First I'd like you to excuse me if this is a very basic question but I'm just a beginner.
I'd like to reduce the brightness of a led that indicates me that a circuit which is activated by a TTP223 board is in stand-by mode. I do this indication using the TTP's output as sink.
But in this topic I've found that post:
"IOH is spec'ed as VDD=3V and VOH=2.4V means you can pull -4 ma out of the pin, maximum. This would be current pulled through the device, out the pin, into your load. This would be what you'd get if you attached a resistor from the output pin to gnd.

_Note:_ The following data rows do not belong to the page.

lemma expectation_cycle_product:
  fixes h :: real
  assumes "\<theta> \<ge> 1"
  shows "measure_pmf.expectation (sigma_pmf n \<beta>) (\<lambda>s. \<Prod>\<gamma>\<in>cycles n s. exp (h * real (card \<gamma>)) + real \<theta> - 1)
       = (\<Sum>mu\<in>compositions \<theta> n. exp (h * real (mu ! 0)) * G n \<beta> (sort_desc mu))"
  unfolding expectation_cycle_product_eq_sum_colourings[OF assms]
proof (subst sum.group[symmetric, OF finite_PiE finite_compositions image_subsetI])
  show "colour_counts \<theta> {1..n} c \<in> compositions \<theta> n" if "c \<in> {1..n} \<rightarrow>\<^sub>E {..<\<theta>}" for c
    using that colour_counts_in_compositions[of "{1..n}" c \<theta>] by (auto simp: PiE_iff)
qed (use sum_colourings_with_counts[OF _ assms] in \<open>simp_all\<close>)

lemma Zh_eq_sum_compositions:
  assumes "\<theta> \<ge> 1"
  shows "exp ((h / real \<theta>) * real n) * Zh \<theta> n \<beta> h
       = (\<Sum>mu\<in>compositions \<theta> n. exp (h * real (mu ! 0)) * G n \<beta> (sort_desc mu))"
proof -
  have "exp ((h / real \<theta>) * real n) * exp (- (h / real \<theta>) * real n) = 1"
    by (simp flip: exp_add)
  then show ?thesis
    by (simp add: Zh_def expectation_cycle_product[OF assms] mult.assoc[symmetric])
qed

lemma Z_eq_Zh_0: "Z \<theta> n \<beta> = Zh \<theta> n \<beta> 0"
  by (simp add: Z_def Zh_def)

section \<open>Compositions versus partitions\<close>

lemma card_sort_desc_fibre_le:
  assumes "length lam = \<theta>"
  shows "card {mu\<in>compositions \<theta> n. sort_desc mu = lam} \<le> fact \<theta>"
proof -
  let ?P = "permutations_of_multiset (mset lam)"
  have "{mu\<in>compositions \<theta> n. sort_desc mu = lam} \<subseteq> ?P"
  proof
    fix mu assume "mu \<in> {mu\<in>compositions \<theta> n. sort_desc mu = lam}"
    then have "mset mu = mset lam"
      using mset_sort_desc[of mu] by simp
    then show "mu \<in> ?P"
      by (rule permutations_of_multisetI)
  qed
  then have "card {mu\<in>compositions \<theta> n. sort_desc mu = lam} \<le> card ?P"
    by (rule card_mono[OF finite_permutations_of_multiset])
  also have "\<dots> \<le> card ?P * (\<Prod>x\<in>set_mset (mset lam). fact (count (mset lam) x))"
    using mult_le_mono2[OF prod_ge_1[where f = "\<lambda>x. fact (count (mset lam) x)"], where k = "card ?P"]
    by (simp add: fact_ge_1)
  also have "\<dots> = fact \<theta>"
    using card_permutations_of_multiset_aux[of "mset lam"] assms by simp
  finally show ?thesis .
qed
(* For $R\in\mathbb C$ let $$\phi(R)=\begin{pmatrix} R & 1+R\\ 1-R & -R\end{pmatrix}.$$ For a $2\times2$ matrix $X=\begin{pmatrix}\alpha&\beta\\ \gamma&\delta\end{pmatrix}$ and $1\le i<j\le 3$, let $X_{ij}$ denote the $3\times3$ matrix equal to the identity except $(X_{ij})_{ii}=\alpha$, $(X_{ij})_{ij}=\beta$, $(X_{ij})_{ji}=\gamma$, $(X_{ij})_{jj}=\delta$, and write $\phi_{ij}(R)=(\phi(R))_{ij}$. Let $x_1,x_2,x_3\in\mathbb C$ with $D:=x_1+x_3-x_1x_2x_3\neq 0$, and put $$x_1'=\frac{x_1x_2}{D},\qquad x_2'=D,\qquad x_3'=\frac{x_2x_3}{D}.$$ Then $$\phi_{12}(x_1)\,\phi_{13}(x_2)\,\phi_{23}(x_3)=\phi_{23}(x_3')\,\phi_{13}(x_2')\,\phi_{12}(x_1').$$
   Context: $\phi(R)$ is the "Ohm–Yang–Baxter operator" attached to black vertices of the medial graph of an electrical network. *)

theory Defs
  imports "HOL-Analysis.Analysis"
begin

text \<open>2x2 matrices indexed by type 2 (index 1 = first, 2 = second row/col);
3x3 matrices indexed by type 3.  We write the 3x3 index k (1<=k<=3) as the
element idx3 k of type 3.\<close>

definition idx3 :: "nat \<Rightarrow> 3" where
  "idx3 k = of_nat (k - 1)"

definition idx2 :: "nat \<Rightarrow> 2" where
  "idx2 k = of_nat (k - 1)"

definition phi :: "complex \<Rightarrow> complex^2^2" where
  "phi R = (\<chi> a b. if a = idx2 1 then (if b = idx2 1 then R else 1 + R)
                      else (if b = idx2 1 then 1 - R else - R))"

definition embed :: "complex^2^2 \<Rightarrow> nat \<Rightarrow> nat \<Rightarrow> complex^3^3" where
  "embed X i j = (\<chi> a b.
     if a = idx3 i \<and> b = idx3 i then X $ idx2 1 $ idx2 1
     else if a = idx3 i \<and> b = idx3 j then X $ idx2 1 $ idx2 2
     else if a = idx3 j \<and> b = idx3 i then X $ idx2 2 $ idx2 1
     else if a = idx3 j \<and> b = idx3 j then X $ idx2 2 $ idx2 2
     else (if a = b then 1 else 0))"

definition phi_ij :: "nat \<Rightarrow> nat \<Rightarrow> complex \<Rightarrow> complex^3^3" where
  "phi_ij i j R = embed (phi R) i j"

end

theory Submission
  imports Defs
begin

text \<open>Multiplying out, each of the
nine entries of the right-hand side is a rational function with denominator a power of
\<open>D = x1 + x3 - x1 x2 x3\<close>; after clearing denominators every entry identity is a polynomial
identity in \<open>x1, x2, x3\<close>.\<close>

lemma idx3_simps: "idx3 1 = 3" "idx3 2 = 1" "idx3 3 = 2"
  by (simp_all add: idx3_def)

lemma idx2_simps: "idx2 1 = 2" "idx2 2 = 1"
  by (simp_all add: idx2_def)

text \<open>Matrices written in the paper's row/column order; note that the paper's index 1
is the element \<open>3 = 0\<close> of the index type \<open>3\<close>.\<close>

definition mat3 ::
  "'a \<Rightarrow> 'a \<Rightarrow> 'a \<Rightarrow> 'a \<Rightarrow> 'a \<Rightarrow> 'a \<Rightarrow> 'a \<Rightarrow> 'a \<Rightarrow> 'a \<Rightarrow> 'a^3^3" where
  "mat3 a11 a12 a13 a21 a22 a23 a31 a32 a33 =
     (\<chi> r c. if r = idx3 1 then (if c = idx3 1 then a11 else if c = idx3 2 then a12 else a13)
            else if r = idx3 2 then (if c = idx3 1 then a21 else if c = idx3 2 then a22 else a23)
            else (if c = idx3 1 then a31 else if c = idx3 2 then a32 else a33))"

lemma mat3_eq_iff:
  "mat3 a11 a12 a13 a21 a22 a23 a31 a32 a33 = mat3 b11 b12 b13 b21 b22 b23 b31 b32 b33 \<longleftrightarrow>
     a11 = b11 \<and> a12 = b12 \<and> a13 = b13 \<and> a21 = b21 \<and> a22 = b22 \<and> a23 = b23 \<and>
     a31 = b31 \<and> a32 = b32 \<and> a33 = b33"
  unfolding mat3_def idx3_simps by (auto simp: vec_eq_iff forall_3)

lemma mat3_mult:
  fixes a11 a12 a13 a21 a22 a23 a31 a32 a33 :: "'a::semiring_1"
  shows "mat3 a11 a12 a13 a21 a22 a23 a31 a32 a33 ** mat3 b11 b12 b13 b21 b22 b23 b31 b32 b33 =
    mat3 (a11*b11 + a12*b21 + a13*b31) (a11*b12 + a12*b22 + a13*b32) (a11*b13 + a12*b23 + a13*b33)
         (a21*b11 + a22*b21 + a23*b31) (a21*b12 + a22*b22 + a23*b32) (a21*b13 + a22*b23 + a23*b33)
         (a31*b11 + a32*b21 + a33*b31) (a31*b12 + a32*b22 + a33*b32) (a31*b13 + a32*b23 + a33*b33)"
  unfolding mat3_def idx3_simps
  by (simp add: vec_eq_iff forall_3 sum_3 matrix_matrix_mult_def algebra_simps)

lemma phi_nth:
  "phi R $ idx2 1 $ idx2 1 = R" "phi R $ idx2 1 $ idx2 2 = 1 + R"
  "phi R $ idx2 2 $ idx2 1 = 1 - R" "phi R $ idx2 2 $ idx2 2 = - R"
  unfolding phi_def idx2_simps by simp_all

lemma phi_ij_12: "phi_ij 1 2 R = mat3 R (1 + R) 0 (1 - R) (- R) 0 0 0 1"
  unfolding phi_ij_def embed_def mat3_def phi_nth idx3_simps by (simp add: vec_eq_iff forall_3)

lemma phi_ij_13: "phi_ij 1 3 R = mat3 R 0 (1 + R) 0 1 0 (1 - R) 0 (- R)"
  unfolding phi_ij_def embed_def mat3_def phi_nth idx3_simps by (simp add: vec_eq_iff forall_3)

lemma phi_ij_23: "phi_ij 2 3 R = mat3 1 0 0 0 R (1 + R) 0 (1 - R) (- R)"
  unfolding phi_ij_def embed_def mat3_def phi_nth idx3_simps by (simp add: vec_eq_iff forall_3)

theorem theorem3p6:
  fixes x1 x2 x3 :: complex
  assumes "x1 + x3 - x1 * x2 * x3 \<noteq> 0"
  shows "let D = x1 + x3 - x1 * x2 * x3;
             x1' = x1 * x2 / D; x2' = D; x3' = x2 * x3 / D
         in phi_ij 1 2 x1 ** phi_ij 1 3 x2 ** phi_ij 2 3 x3
            = phi_ij 2 3 x3' ** phi_ij 1 3 x2' ** phi_ij 1 2 x1'"
proof -
  define D where "D = x1 + x3 - x1 * x2 * x3"
  have "D \<noteq> 0"
    using assms by (simp add: D_def)
  then show ?thesis
    unfolding Let_def D_def[symmetric] phi_ij_12 phi_ij_13 phi_ij_23 mat3_mult mat3_eq_iff
    by (simp add: field_simps, unfold D_def, algebra)
qed

end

The IOL spec is higher at 8 ma which means it can absorb more than it can push. Think of a resistor with one end to the output pin, the other end attached to VDD.
Not that you'd do this, but you could calculate the maximum values for your resistors this way:
Sourcing: IOH=-4ma, VOH=2.4. R=E/I so 2.4/.004 = 600 ohms
Sinking: IOL=8ma when VDD=3V, VOL=0.6V. VDD-VOL=2.4V/.008 = 300 ohms"
In my case the calculation is:
VDD=5v, VOL=0.6 ; VDD-VOL=4.4v ; 4.4/0.008 = 550 ohm
But I've got the ideal led's brightness with a 2k2 ohm resistor...
May I use this 2k2 resistance for that?
And just trying to understand this TTP's sink resource, as merely curiosity, as the recommend resistor for this led is 140 ohm (as calculated here), if I use less resistance than the 550 ohm, could that demage the chip?